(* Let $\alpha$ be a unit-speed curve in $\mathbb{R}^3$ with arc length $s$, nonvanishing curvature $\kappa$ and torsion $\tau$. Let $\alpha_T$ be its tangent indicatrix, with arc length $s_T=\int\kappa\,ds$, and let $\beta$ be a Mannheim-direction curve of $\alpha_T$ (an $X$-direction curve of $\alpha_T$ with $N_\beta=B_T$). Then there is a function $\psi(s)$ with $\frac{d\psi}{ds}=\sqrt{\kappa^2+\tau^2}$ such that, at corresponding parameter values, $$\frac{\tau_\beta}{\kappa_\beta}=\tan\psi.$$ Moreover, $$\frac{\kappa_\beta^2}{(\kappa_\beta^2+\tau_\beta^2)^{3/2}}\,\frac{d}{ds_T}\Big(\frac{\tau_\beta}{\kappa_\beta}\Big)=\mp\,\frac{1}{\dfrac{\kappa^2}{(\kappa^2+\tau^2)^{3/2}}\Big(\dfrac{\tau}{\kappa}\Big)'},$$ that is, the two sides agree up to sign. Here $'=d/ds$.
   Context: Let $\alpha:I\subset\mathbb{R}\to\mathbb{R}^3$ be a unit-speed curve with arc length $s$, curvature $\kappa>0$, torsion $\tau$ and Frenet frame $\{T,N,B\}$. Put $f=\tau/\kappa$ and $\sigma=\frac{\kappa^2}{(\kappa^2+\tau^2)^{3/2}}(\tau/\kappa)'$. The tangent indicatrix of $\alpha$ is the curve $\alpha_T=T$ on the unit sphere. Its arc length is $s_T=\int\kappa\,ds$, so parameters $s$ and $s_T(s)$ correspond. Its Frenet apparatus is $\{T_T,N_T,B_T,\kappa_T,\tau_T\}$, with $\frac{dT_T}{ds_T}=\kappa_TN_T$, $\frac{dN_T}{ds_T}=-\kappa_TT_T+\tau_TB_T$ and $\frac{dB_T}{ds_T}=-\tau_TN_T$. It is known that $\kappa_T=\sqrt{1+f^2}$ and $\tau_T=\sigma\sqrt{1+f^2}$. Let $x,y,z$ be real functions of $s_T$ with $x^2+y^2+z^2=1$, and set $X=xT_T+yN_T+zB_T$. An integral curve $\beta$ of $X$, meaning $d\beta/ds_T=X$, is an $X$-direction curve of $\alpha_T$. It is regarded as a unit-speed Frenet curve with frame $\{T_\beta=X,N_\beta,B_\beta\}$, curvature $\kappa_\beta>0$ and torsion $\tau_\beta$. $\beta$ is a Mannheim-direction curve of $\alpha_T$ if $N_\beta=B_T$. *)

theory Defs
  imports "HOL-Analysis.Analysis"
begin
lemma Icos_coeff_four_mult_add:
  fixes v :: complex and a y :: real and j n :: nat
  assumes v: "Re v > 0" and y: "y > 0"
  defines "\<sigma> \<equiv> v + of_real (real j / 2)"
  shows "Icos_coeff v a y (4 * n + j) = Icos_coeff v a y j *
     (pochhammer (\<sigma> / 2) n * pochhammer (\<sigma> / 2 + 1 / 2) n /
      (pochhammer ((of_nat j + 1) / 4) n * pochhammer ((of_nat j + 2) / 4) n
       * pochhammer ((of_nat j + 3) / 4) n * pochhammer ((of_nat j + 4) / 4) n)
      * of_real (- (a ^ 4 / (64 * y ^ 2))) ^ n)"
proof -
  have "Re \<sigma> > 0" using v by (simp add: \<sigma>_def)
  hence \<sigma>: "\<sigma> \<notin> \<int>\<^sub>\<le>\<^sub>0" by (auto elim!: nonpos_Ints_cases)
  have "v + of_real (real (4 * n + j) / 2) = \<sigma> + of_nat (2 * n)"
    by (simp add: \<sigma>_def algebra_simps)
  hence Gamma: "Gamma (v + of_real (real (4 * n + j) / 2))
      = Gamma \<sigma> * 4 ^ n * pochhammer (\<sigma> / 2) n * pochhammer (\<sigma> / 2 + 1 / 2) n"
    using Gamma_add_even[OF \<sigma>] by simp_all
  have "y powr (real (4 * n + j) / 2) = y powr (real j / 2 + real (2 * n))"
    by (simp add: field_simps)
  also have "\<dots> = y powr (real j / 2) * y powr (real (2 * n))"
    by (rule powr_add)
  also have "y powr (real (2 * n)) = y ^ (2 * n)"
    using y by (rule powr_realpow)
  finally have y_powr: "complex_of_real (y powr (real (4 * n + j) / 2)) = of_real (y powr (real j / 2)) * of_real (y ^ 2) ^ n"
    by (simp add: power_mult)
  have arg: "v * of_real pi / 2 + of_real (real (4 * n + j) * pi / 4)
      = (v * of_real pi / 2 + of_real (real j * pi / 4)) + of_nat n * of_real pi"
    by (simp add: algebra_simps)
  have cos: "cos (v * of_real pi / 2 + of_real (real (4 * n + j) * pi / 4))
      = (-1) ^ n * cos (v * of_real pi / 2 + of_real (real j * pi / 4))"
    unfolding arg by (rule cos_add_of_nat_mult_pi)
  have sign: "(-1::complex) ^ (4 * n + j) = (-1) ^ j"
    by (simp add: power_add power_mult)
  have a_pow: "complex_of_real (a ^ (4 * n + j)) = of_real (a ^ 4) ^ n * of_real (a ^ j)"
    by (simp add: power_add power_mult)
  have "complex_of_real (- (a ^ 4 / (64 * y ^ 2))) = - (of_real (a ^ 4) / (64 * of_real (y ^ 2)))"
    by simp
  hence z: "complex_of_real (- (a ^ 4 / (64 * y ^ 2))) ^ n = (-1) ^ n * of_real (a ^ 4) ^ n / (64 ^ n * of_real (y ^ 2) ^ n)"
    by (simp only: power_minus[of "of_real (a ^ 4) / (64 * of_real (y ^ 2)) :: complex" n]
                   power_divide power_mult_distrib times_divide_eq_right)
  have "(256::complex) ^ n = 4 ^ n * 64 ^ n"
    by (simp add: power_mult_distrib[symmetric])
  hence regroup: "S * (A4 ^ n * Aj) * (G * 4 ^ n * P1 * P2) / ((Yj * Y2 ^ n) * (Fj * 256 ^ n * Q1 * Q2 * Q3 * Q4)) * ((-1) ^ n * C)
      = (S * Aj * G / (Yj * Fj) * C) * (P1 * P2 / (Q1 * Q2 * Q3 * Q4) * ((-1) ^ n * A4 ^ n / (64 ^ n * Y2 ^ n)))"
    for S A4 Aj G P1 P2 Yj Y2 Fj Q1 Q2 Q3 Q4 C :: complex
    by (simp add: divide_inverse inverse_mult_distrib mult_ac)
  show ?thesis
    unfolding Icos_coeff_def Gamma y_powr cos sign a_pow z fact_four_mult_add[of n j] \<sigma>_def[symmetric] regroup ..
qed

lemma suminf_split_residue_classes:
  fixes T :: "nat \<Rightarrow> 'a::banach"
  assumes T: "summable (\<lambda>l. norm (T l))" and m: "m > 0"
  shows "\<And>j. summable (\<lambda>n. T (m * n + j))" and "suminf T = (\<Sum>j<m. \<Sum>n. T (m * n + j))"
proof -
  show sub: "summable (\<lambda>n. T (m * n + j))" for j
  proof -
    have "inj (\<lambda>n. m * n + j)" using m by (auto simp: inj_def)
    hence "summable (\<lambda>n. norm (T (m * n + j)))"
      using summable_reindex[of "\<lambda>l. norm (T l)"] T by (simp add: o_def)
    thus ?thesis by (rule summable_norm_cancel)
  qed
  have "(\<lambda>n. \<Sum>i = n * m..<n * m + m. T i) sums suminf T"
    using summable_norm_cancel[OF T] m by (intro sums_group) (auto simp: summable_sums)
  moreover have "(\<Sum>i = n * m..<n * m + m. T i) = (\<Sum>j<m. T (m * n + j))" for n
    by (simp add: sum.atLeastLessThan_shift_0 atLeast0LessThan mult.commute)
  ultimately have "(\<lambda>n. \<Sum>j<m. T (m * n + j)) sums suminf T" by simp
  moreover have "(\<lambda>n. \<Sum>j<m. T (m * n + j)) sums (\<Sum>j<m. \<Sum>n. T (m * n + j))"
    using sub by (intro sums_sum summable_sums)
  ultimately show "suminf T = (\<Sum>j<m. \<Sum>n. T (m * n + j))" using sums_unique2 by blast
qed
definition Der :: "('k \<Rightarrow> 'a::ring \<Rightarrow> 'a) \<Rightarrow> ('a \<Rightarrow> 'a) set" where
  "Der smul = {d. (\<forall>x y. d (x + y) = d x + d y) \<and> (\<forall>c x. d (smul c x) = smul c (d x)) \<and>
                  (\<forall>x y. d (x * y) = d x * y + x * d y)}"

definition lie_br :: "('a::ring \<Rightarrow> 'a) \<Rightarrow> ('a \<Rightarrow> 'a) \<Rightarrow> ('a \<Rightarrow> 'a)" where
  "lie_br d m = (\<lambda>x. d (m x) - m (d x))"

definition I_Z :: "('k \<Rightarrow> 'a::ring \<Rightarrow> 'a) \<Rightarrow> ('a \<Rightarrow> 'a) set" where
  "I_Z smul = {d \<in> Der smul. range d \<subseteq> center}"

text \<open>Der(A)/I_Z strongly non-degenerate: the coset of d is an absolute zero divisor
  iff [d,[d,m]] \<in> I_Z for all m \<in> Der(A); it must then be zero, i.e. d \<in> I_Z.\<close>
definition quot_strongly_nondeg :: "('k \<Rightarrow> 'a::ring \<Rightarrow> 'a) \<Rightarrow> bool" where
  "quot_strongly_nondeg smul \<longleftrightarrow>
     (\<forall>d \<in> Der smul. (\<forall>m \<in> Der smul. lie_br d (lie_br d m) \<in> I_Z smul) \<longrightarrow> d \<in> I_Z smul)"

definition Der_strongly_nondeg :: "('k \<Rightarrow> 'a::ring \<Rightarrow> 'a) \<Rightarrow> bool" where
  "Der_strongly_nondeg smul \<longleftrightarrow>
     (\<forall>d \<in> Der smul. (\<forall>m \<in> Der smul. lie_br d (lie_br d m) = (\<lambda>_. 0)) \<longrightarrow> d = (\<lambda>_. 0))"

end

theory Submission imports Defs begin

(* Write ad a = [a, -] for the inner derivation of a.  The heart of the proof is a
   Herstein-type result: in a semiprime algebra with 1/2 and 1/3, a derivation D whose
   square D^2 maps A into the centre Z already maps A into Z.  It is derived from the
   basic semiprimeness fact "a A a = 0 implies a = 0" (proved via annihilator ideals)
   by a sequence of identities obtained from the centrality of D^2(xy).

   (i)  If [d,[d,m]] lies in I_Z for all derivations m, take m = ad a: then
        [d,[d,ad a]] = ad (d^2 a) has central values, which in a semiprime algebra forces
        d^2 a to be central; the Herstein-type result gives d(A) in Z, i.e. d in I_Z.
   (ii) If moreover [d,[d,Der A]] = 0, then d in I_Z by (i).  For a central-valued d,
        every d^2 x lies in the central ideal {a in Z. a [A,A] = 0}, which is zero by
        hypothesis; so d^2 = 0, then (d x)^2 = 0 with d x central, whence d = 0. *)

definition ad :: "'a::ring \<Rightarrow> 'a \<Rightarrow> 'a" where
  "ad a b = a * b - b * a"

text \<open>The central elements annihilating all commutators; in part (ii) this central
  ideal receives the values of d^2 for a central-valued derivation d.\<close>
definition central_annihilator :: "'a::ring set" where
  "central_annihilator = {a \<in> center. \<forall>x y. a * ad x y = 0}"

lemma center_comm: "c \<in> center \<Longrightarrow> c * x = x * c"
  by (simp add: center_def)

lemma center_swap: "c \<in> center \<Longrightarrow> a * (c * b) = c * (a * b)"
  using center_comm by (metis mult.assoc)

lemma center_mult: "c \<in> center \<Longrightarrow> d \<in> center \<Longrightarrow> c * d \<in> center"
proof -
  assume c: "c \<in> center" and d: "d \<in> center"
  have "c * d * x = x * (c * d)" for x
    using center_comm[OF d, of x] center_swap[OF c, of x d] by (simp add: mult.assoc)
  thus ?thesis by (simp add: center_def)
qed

::::

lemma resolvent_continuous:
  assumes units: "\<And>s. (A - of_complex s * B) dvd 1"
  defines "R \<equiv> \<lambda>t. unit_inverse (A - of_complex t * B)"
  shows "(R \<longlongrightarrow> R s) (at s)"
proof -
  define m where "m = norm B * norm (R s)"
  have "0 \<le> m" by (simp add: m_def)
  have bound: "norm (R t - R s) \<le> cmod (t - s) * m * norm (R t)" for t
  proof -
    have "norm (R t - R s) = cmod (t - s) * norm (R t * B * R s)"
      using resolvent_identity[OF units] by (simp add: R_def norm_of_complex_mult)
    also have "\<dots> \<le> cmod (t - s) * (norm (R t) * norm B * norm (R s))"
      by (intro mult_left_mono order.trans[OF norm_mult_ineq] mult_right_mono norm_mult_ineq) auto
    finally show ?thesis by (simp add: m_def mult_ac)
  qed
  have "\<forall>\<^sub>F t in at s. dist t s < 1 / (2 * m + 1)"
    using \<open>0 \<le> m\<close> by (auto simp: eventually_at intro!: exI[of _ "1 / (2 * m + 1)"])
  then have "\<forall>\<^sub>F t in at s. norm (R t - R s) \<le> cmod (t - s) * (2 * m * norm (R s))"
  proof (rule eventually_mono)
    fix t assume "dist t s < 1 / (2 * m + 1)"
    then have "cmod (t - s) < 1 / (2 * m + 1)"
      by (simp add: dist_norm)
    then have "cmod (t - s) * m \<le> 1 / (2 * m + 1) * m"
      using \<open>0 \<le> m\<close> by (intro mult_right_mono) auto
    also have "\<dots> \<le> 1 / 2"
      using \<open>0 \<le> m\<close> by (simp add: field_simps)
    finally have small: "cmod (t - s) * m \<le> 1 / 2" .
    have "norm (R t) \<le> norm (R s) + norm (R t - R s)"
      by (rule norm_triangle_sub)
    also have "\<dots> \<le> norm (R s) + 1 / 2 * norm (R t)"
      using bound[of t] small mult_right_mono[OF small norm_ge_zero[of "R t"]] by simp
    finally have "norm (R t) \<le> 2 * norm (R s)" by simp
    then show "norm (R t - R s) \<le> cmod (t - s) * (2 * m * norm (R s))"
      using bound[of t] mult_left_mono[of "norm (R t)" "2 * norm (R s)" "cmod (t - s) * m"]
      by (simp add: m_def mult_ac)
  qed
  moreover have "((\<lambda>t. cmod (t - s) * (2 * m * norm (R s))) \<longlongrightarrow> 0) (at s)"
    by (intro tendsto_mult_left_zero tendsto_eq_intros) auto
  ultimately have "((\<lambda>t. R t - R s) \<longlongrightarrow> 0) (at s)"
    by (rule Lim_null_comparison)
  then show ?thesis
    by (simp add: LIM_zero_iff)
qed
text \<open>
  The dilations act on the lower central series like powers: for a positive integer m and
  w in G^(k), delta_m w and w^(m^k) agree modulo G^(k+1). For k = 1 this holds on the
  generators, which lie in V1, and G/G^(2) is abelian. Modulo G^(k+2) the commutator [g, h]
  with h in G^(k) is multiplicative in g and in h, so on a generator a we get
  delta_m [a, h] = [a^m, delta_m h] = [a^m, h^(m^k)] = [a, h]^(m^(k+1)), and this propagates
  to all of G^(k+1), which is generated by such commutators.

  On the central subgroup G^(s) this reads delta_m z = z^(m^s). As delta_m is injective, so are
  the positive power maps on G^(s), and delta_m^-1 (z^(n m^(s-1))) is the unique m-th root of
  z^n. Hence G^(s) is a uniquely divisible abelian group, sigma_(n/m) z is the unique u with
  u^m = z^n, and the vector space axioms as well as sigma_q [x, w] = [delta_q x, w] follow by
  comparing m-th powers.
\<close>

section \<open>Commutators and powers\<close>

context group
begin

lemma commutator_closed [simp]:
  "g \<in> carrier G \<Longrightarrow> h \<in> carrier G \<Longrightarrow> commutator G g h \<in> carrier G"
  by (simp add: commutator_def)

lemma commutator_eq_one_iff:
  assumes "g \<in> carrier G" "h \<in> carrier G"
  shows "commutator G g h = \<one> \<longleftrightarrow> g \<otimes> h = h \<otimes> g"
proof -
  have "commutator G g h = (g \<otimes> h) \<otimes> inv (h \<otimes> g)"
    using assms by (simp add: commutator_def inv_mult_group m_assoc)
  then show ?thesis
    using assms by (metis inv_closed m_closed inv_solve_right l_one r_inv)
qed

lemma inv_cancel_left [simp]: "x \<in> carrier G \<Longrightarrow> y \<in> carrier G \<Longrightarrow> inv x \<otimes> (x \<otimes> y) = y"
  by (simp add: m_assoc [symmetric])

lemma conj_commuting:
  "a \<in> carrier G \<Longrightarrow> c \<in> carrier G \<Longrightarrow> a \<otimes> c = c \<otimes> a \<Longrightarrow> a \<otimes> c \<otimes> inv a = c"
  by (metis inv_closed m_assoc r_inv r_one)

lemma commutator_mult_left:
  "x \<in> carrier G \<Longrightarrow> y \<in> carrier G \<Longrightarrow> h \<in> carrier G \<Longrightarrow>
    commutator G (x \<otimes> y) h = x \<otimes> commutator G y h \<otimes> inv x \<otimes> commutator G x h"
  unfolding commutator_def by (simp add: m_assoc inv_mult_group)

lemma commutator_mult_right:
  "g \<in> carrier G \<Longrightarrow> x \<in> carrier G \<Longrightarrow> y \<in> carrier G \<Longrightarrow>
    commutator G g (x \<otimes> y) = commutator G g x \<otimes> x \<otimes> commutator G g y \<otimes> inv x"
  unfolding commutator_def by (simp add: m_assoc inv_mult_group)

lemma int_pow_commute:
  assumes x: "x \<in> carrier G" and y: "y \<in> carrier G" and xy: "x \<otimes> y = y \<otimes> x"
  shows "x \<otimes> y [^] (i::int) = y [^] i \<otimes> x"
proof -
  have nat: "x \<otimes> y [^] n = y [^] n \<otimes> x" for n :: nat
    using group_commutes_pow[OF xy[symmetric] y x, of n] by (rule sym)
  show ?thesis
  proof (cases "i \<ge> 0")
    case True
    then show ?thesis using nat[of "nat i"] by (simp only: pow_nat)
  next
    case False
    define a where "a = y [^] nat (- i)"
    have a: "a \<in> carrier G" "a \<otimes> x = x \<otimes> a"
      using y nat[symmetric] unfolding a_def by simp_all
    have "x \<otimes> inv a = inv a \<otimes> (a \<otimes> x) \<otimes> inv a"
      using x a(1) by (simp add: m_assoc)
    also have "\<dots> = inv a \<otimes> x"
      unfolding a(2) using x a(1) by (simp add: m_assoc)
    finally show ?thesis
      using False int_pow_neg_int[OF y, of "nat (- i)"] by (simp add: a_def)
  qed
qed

::::

■ **What you will do**: Only the number is wanted: how many lines in the listing contain the word "unfolding"?

■ **Your response**: 6